The relevant legal issues are complicated by the fact that many online lenders — a category that includes both payday lenders and installment lenders — maintain they are not required to hold licenses in every state in which their borrowers live.

Online lenders that are making such legal arguments include, but are not limited to, firms owned by Indian tribes. Firms owned by tribes maintain they are not subject to state law because of tribal sovereignty. Many online loans are so expensive that the companies making them would be unable to get licensed in states with strict caps on interest rates.

Under the proposed settlement terms being shopped by the Justice Department, a subpoenaed bank would agree to stop processing certain types of payments and pay a fine, according to the four industry sources.

Some of the sources said that additional settlement terms are possible: an independent review to ensure that the bank remains in compliance with the settlement's terms, a stipulation to a set of facts that could then be used in future civil litigation against the bank, or both of those provisions.

Many of the banks that have received subpoenas are small institutions, but some large banks have gotten them as well, sources said.

One implication that banks are taking from their talks with the Justice Department, according to sources, is that banks that reach a settlement sooner will get a better deal than those that wait.

So far, the only bank to acknowledge publicly that it has come into the Justice Department's crosshairs is the $342 million-asset National Bank of California in Los Angeles. In a Sept. 16 press release, the bank disclosed that its $25 million recapitalization is contingent on resolving pending inquiries by the DOJ related to its relationships with companies that may have processed payments for payday lenders.

In a brief interview last week, National Bank of California President Henry Homsher said that he was working to reach a settlement, but declined to comment further.

In settlement talks between banks and the Justice Department, one key issue will be the breadth of the language barring the bank from processing certain payments. Some online lenders are licensed in every state in which their borrowers reside, so there is no ambiguity about the legality of their businesses.

"I think it's important to note that this is at base an attack on fraudulent conduct," says Bresnick, who recently left the Financial Fraud Enforcement Task Force and is now in private law practice in Washington, D.C. "It's not an attack on an entire industry."
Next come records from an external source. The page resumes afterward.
theorem theorem6p9:
  fixes v :: "'r::comm_semiring_1 \<Rightarrow> 'm::{linorder, comm_monoid_mult, zero}"
  assumes "bipotent_semiring TYPE('m)"
    and "m_valuation v"
    and "surj v"
  shows "covers (Uv v) (iotav v) (phiv v) v \<and>
    (\<forall>(V :: 'u stm) \<iota>V \<psi>. covers V \<iota>V \<psi> v \<longrightarrow>
       (\<exists>\<alpha>. semiring_hom (Uv v) V \<alpha> \<and> over_M (iotav v) \<iota>V \<alpha> \<and> (\<forall>a. \<psi> a = \<alpha> (phiv v a)) \<and>
          (\<forall>\<beta>. semiring_hom (Uv v) V \<beta> \<and> over_M (iotav v) \<iota>V \<beta> \<and> (\<forall>a. \<psi> a = \<beta> (phiv v a))
                \<longrightarrow> (\<forall>x\<in>carr (Uv v). \<beta> x = \<alpha> x))))"
proof -
  interpret bipotent_m_valuation v
    using assms by unfold_locales
  show ?thesis
    apply (intro conjI allI impI phiv_covers)
    subgoal premises cover for V \<iota>V \<psi>
    proof -
      interpret cover_of_m_valuation v V \<iota>V \<psi>
        using assms cover by unfold_locales
      show ?thesis
        using induced_hom_semiring_hom induced_hom_over_M induced_hom_phiv induced_hom_unique
        by blast
    qed
    done
qed

end
(* For every $j\in\{1,\dots,D\}$, $$ r_{n,j}=\frac{D^{s-1}(3Dn+1)!}{n!^{3D}}\sum_{m=1}^D\xi^{-mj}r_{n,m}^*, $$ where $$ r_{n,m}^* =\xi^m\int\!\cdots\!\int\limits_{[0,1]^{s+1}} \frac{\prod_{i=0}^sx_i^{Dn}(1-x_i^D)^n\,\d x_i}{(1-\xi^mx_0\dotsb x_s)^{3Dn+2}} =\int_0^{\xi^m}\!\!\int\!\cdots\!\int\limits_{[0,1]^s} \frac{\prod_{i=0}^sx_i^{Dn}(1-x_i^D)^n\,\d x_i}{(1-x_0\dotsb x_s)^{3Dn+2}} $$ and $\xi=\xi_D$ denotes a primitive root of unity of degree $D$.
   Context: Let $s$ and $D$ be positive integers with $s\ge 3D-1$, and let $n$ be a positive even integer. Let $\zeta(s,\alpha)=\sum_{k=0}^\infty (k+\alpha)^{-s}$ denote the Hurwitz zeta function. For $j\in\{1,\dots,D\}$ define $$ r_{n,j} = \sum_{m=1}^\infty R_n\bigg(m+\frac{j}{D}\bigg), \qquad\text{where}\quad R_n(t) = D^{3Dn} n!^{s+1-3D} \, \frac{ \prod_{l=0}^{3Dn} (t-n+l/D)}{ \prod_{l=0}^n (t+l)^{s+1}}. $$ These are linear forms $r_{n,j}=a_{0,j}+\sum_{2\le i\le s,\ i\equiv s \ (\mathrm{mod}\ 2)} a_i\,\zeta(i,j/D)$ with rational coefficients. *)

theory Defs
  imports "HOL-Analysis.Analysis" "HOL-Complex_Analysis.Complex_Analysis"
begin

text \<open>The rational function R_n(t) (depending on parameters s, D, n).
  The exponent s+1-3D is nonnegative under the standing hypothesis s \<ge> 3D-1.\<close>
definition R_fun :: "nat \<Rightarrow> nat \<Rightarrow> nat \<Rightarrow> real \<Rightarrow> real" where
  "R_fun s D n t =
     real D ^ (3*D*n) * fact n ^ (s + 1 - 3*D)
     * (\<Prod>l\<in>{0..3*D*n}. t - real n + real l / real D)
     / (\<Prod>l\<in>{0..n}. (t + real l) ^ (s+1))"

definition r_lin :: "nat \<Rightarrow> nat \<Rightarrow> nat \<Rightarrow> nat \<Rightarrow> real" where
  "r_lin s D n j = (\<Sum>m. R_fun s D n (real (Suc m) + real j / real D))"

definition weight :: "nat \<Rightarrow> nat \<Rightarrow> nat set \<Rightarrow> (nat \<Rightarrow> real) \<Rightarrow> real" where
  "weight D n I x = (\<Prod>i\<in>I. x i ^ (D*n) * (1 - x i ^ D) ^ n)"

definition r_star :: "nat \<Rightarrow> nat \<Rightarrow> nat \<Rightarrow> complex \<Rightarrow> nat \<Rightarrow> complex" where
  "r_star s D n \<xi> m = \<xi> ^ m *
     (LINT x | (\<Pi>\<^sub>M i\<in>{..s}. restrict_space lborel {0..1::real}).
        complex_of_real (weight D n {..s} x)
        / (1 - \<xi> ^ m * complex_of_real (\<Prod>i\<in>{..s}. x i)) ^ (3*D*n+2))"
lemma cscalar_prod_mult_vec_expansion:
  assumes W: "orthonormal_basis N W" and A: "A \<in> carrier_mat N N"
    and x: "x \<in> carrier_vec N" and y: "y \<in> carrier_vec N"
  shows "(A *\<^sub>v x) \<bullet>c y = (\<Sum>j<N. (x \<bullet>c W j) * ((A *\<^sub>v W j) \<bullet>c y))"
proof -
  note Wc = orthonormal_basis_carrier[OF W]
  have "(A *\<^sub>v x) \<bullet>c y = (\<Sum>c<N. \<Sum>d<N. A$$(c,d) * x$d * cnj (y$c))"
    using A x y by (simp add: cscalar_prod_sum[of _ N] mult_mat_vec_sum sum_distrib_right del: index_mult_mat_vec)
  also have "\<dots> = (\<Sum>c<N. \<Sum>d<N. \<Sum>j<N. (x \<bullet>c W j) * (A$$(c,d) * W j $ d * cnj (y$c)))"
    by (intro sum.cong refl) (simp add: orthonormal_basis_expansion[OF W x] sum_distrib_left sum_distrib_right mult_ac)
  also have "\<dots> = (\<Sum>j<N. (x \<bullet>c W j) * (\<Sum>c<N. \<Sum>d<N. A$$(c,d) * W j $ d * cnj (y$c)))"
    by (subst sum_swap3) (simp add: sum_distrib_left)
  also have "\<dots> = (\<Sum>j<N. (x \<bullet>c W j) * ((A *\<^sub>v W j) \<bullet>c y))"
    using A Wc y by (simp add: cscalar_prod_sum[of _ N] mult_mat_vec_sum sum_distrib_right del: index_mult_mat_vec)
  finally show ?thesis .
qed

lemma orthonormal_basis_parseval:
  assumes W: "orthonormal_basis N W" and x: "x \<in> carrier_vec N"
  shows "(\<Sum>k<N. (cmod (x \<bullet>c W k))^2) = (\<Sum>i<N. (cmod (x$i))^2)"
proof -
  note Wc = orthonormal_basis_carrier[OF W]
  have "(\<Sum>k<N. (x \<bullet>c W k) * cnj (x \<bullet>c W k))
      = (\<Sum>k<N. \<Sum>a<N. \<Sum>b<N. x$a * cnj (x$b) * (W k $ b * cnj (W k $ a)))"
    by (simp add: cscalar_prod_sum[OF x Wc] cnj_sum sum_product mult_ac)
  also have "\<dots> = (\<Sum>a<N. \<Sum>b<N. \<Sum>k<N. x$a * cnj (x$b) * (W k $ b * cnj (W k $ a)))"
    by (rule sum_swap3[symmetric])
  also have "\<dots> = (\<Sum>a<N. \<Sum>b<N. x$a * cnj (x$b) * (if b = a then 1 else 0))"
    by (simp add: orthonormal_basis_complete[OF W] flip: sum_distrib_left)
  also have "\<dots> = (\<Sum>a<N. x$a * cnj (x$a))"
    by (simp add: if_distrib cong: if_cong)
  finally have "complex_of_real (\<Sum>k<N. (cmod (x \<bullet>c W k))^2) = complex_of_real (\<Sum>i<N. (cmod (x$i))^2)"
    by (simp add: complex_norm_square of_real_sum del: of_real_power)
  then show ?thesis by (rule of_real_eq_iff[THEN iffD1])
qed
But officials in the banking industry as well as at third-party payment processors are chafing at the Justice Department's methods for ferreting out fraud.
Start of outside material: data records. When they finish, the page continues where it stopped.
lemma fps_deriv_twisted: "fps_deriv (twisted u f) = twisted u (fps_deriv f) + fps_const u * f"
proof -
  have "fps_deriv (Abs_fps (\<lambda>i. D (f $ i))) = Abs_fps (\<lambda>i. D (fps_deriv f $ i))"
    by (simp add: fps_eq_iff of_nat_mult del: of_nat_Suc)
  then show ?thesis
    by (simp add: twisted_def algebra_simps)
qed

lemma twisted_iterate_0 [simp]: "twisted_iterate u 0 = 1"
  by (simp add: twisted_iterate_def)

lemma twisted_iterate_Suc [simp]: "twisted_iterate u (Suc n) = twisted u (twisted_iterate u n)"
  by (simp add: twisted_iterate_def)

lemma twisted_iterate_nth_above: "n < j \<Longrightarrow> twisted_iterate u n $ j = 0"
proof (induction n arbitrary: j)
  case (Suc n)
  then show ?case by (cases j) simp_all
qed simp

lemma twisted_iterate_nth_0: "0 < n \<Longrightarrow> twisted_iterate u n $ 0 = 0"
proof (induction n)
  case (Suc n)
  then show ?case by (cases n) simp_all
qed simp

lemma twisted_iterate_nth_diag: "twisted_iterate u n $ n = u ^ n"
  by (induction n) (simp_all add: twisted_iterate_nth_above)

lemma funpow_eq_twisted_iterate:
  assumes "D a = a * u"
  shows "(D ^^ n) a = a * (\<Sum>j\<le>n. twisted_iterate u n $ j)"
proof (induction n)
  case 0
  show ?case by simp
next
  case (Suc n)
  let ?Q = "twisted_iterate u n"
  have "(\<Sum>j\<le>Suc n. twisted_iterate u (Suc n) $ j)
      = D (?Q $ 0) + (\<Sum>j\<le>n. D (?Q $ Suc j) + u * ?Q $ j)"
    by (simp only: sum.atMost_Suc_shift twisted_iterate_Suc twisted_nth_0 twisted_nth_Suc)
  also have "D (?Q $ 0) + (\<Sum>j\<le>n. D (?Q $ Suc j)) = (\<Sum>j\<le>n. D (?Q $ j))"
    using sum.atMost_Suc_shift[of "\<lambda>j. D (?Q $ j)" n] by (simp add: twisted_iterate_nth_above)
  then have "D (?Q $ 0) + (\<Sum>j\<le>n. D (?Q $ Suc j) + u * ?Q $ j)
      = D (\<Sum>j\<le>n. ?Q $ j) + u * (\<Sum>j\<le>n. ?Q $ j)"
    by (simp add: sum sum.distrib sum_distrib_left add.assoc)
  finally show ?case
    using Suc assms by (simp add: mult algebra_simps)
qed

lemma fps_deriv_twisted_iterate:
  "fps_deriv (twisted_iterate u n) =
     (\<Sum>k<n. fps_const (of_nat (n choose Suc k) * (D ^^ k) u) * twisted_iterate u (n - Suc k))"
proof (induction n)
  case 0
  show ?case by simp
next
  case (Suc n)
  let ?G = "\<lambda>m k. fps_const (of_nat (n choose m) * (D ^^ k) u) * twisted_iterate u (n - k)"
  have "twisted u (fps_const (of_nat (n choose Suc k) * (D ^^ k) u) * twisted_iterate u (n - Suc k))
      = ?G (Suc k) (Suc k) + ?G (Suc k) k" if "k < n" for k
  proof -
    have "n - k = Suc (n - Suc k)"
      using that by simp
    then show ?thesis
      by (simp add: twisted_const_mult of_nat_mult distrib_right)
  qed
  then have "fps_deriv (twisted_iterate u (Suc n))
      = (\<Sum>k<n. ?G (Suc k) (Suc k)) + ?G 0 0 + (\<Sum>k<n. ?G (Suc k) k)"
    by (simp add: Suc fps_deriv_twisted twisted_sum sum.distrib)
  also have "\<dots> = (\<Sum>k<Suc n. ?G k k) + (\<Sum>k<Suc n. ?G (Suc k) k)"
    using sum.lessThan_Suc_shift[of "\<lambda>k. ?G k k" n] by (simp add: binomial_eq_0 add_ac)
  also have "\<dots> = (\<Sum>k<Suc n. fps_const (of_nat (Suc n choose Suc k) * (D ^^ k) u) * twisted_iterate u (n - k))"
    by (simp add: sum.distrib[symmetric] distrib_right flip: fps_const_add)
  finally show ?case
    by simp
qed

end

locale prime_char_derivation = derivation D for D :: "'a::comm_ring_1 \<Rightarrow> 'a" +
  fixes p :: nat
  assumes prime: "prime p" and char: "of_nat p = (0::'a)"
begin

lemma funpow_prime_mult: "(D ^^ p) (x * y) = x * (D ^^ p) y + y * (D ^^ p) x"
proof -
  have "(D ^^ p) (x * y) = (\<Sum>k\<in>{0, p}. of_nat (p choose k) * ((D ^^ k) x * (D ^^ (p - k)) y))"
    unfolding funpow_mult
    using prime char by (intro sum.mono_neutral_right) (auto simp: of_nat_prime_choose_eq_0)
  then show ?thesis
    using prime by (simp add: prime_gt_0_nat mult.commute)
qed

lemma fps_deriv_twisted_iterate_prime:
  "fps_deriv (twisted_iterate u p) = fps_const ((D ^^ (p - 1)) u)"
proof -
  have "fps_deriv (twisted_iterate u p) =
      (\<Sum>k\<in>{p - 1}. fps_const (of_nat (p choose Suc k) * (D ^^ k) u) * twisted_iterate u (p - Suc k))"
    unfolding fps_deriv_twisted_iterate
  proof (rule sum.mono_neutral_right)
    show "\<forall>k\<in>{..<p} - {p - 1}.
        fps_const (of_nat (p choose Suc k) * (D ^^ k) u) * twisted_iterate u (p - Suc k) = 0"
    proof
      fix k
      assume "k \<in> {..<p} - {p - 1}"
      then have "of_nat (p choose Suc k) = (0::'a)"
        using prime char by (intro of_nat_prime_choose_eq_0) auto
      then show "fps_const (of_nat (p choose Suc k) * (D ^^ k) u) * twisted_iterate u (p - Suc k) = 0"
        by simp
    qed
  qed (use prime prime_gt_0_nat in auto)
  then show ?thesis
    using prime by (simp add: prime_gt_0_nat)
qed

lemma twisted_iterate_prime_nth:
  "twisted_iterate u p $ j = (if j = 1 then (D ^^ (p - 1)) u else 0) + (if j = p then u ^ p else 0)"
proof -
  have p2: "2 \<le> p"
    using prime prime_ge_2_nat by blast
  have deriv: "of_nat (Suc i) * twisted_iterate u p $ Suc i = (if i = 0 then (D ^^ (p - 1)) u else 0)" for i
    using arg_cong[OF fps_deriv_twisted_iterate_prime[of u], of "\<lambda>f. f $ i"] by simp
  consider "j = 0" | "j = 1" | "1 < j" "j < p" | "j = p" | "p < j"
    by linarith
  then show ?thesis
  proof cases
    case 1
    then show ?thesis using p2 by (simp add: twisted_iterate_nth_0)
  next
    case 2
    then show ?thesis using p2 deriv[of 0] by simp
  next
    case 3
    then obtain i where "j = Suc i" "0 < i"
      by (cases j) auto
    then show ?thesis
      using 3 deriv[of i] prime char by (auto intro: of_nat_mult_eq_0_prime_char)
  next
    case 4
    then show ?thesis using p2 by (simp add: twisted_iterate_nth_diag)
  next
    case 5
    then show ?thesis using p2 by (simp add: twisted_iterate_nth_above)
  qed
qed

lemma hochschild_formula:
  assumes "D a = a * u"
  shows "(D ^^ p) a = a * ((D ^^ (p - 1)) u + u ^ p)"
proof -
  have "(\<Sum>j\<le>p. twisted_iterate u p $ j) = (D ^^ (p - 1)) u + u ^ p"
    using prime_ge_2_nat[OF prime] by (simp add: twisted_iterate_prime_nth sum.distrib)
  then show ?thesis
    using funpow_eq_twisted_iterate[OF assms] by simp
qed

end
The DOJ has established the following benchmark, according to numerous sources: a specific merchant, such as an online lender, that has at least a 3% return rate on electronic transactions, should raise a red flag for the bank. In other words, the Justice Department is telling banks to be wary of online lenders if at least 3% of their requests to withdraw cash from a customer account get returned. The return rate for all electronic payments was just under 1% in 2012, according to Nacha, the bank-owned group that runs the ACH network.

Officials in the banking and payment processing industries argue that a 3% threshold is too low because a returned transaction does not necessarily mean the lender was making an unauthorized withdrawal.

For example, the return rate includes instances where the customers do not have sufficient funds in their accounts — a situation that likely happens more frequently with high-interest rate online loans than for many other forms of online commerce, because the loans tend to go to cash-strapped consumers.

Using a 3% return rate as a threshold is "ridiculous," argues Marsha Jones, director of the Third Party Payment Processors Association, which was formed last month in response to the heightened regulatory scrutiny of the industry. "It's just not something that supports evidence of fraud."

But Bresnick, the former head of the financial fraud task force, says that elevated return rates are "a significant red flag," and that even high return rates that stem from the depositor having insufficient funds can be an indication of fraud.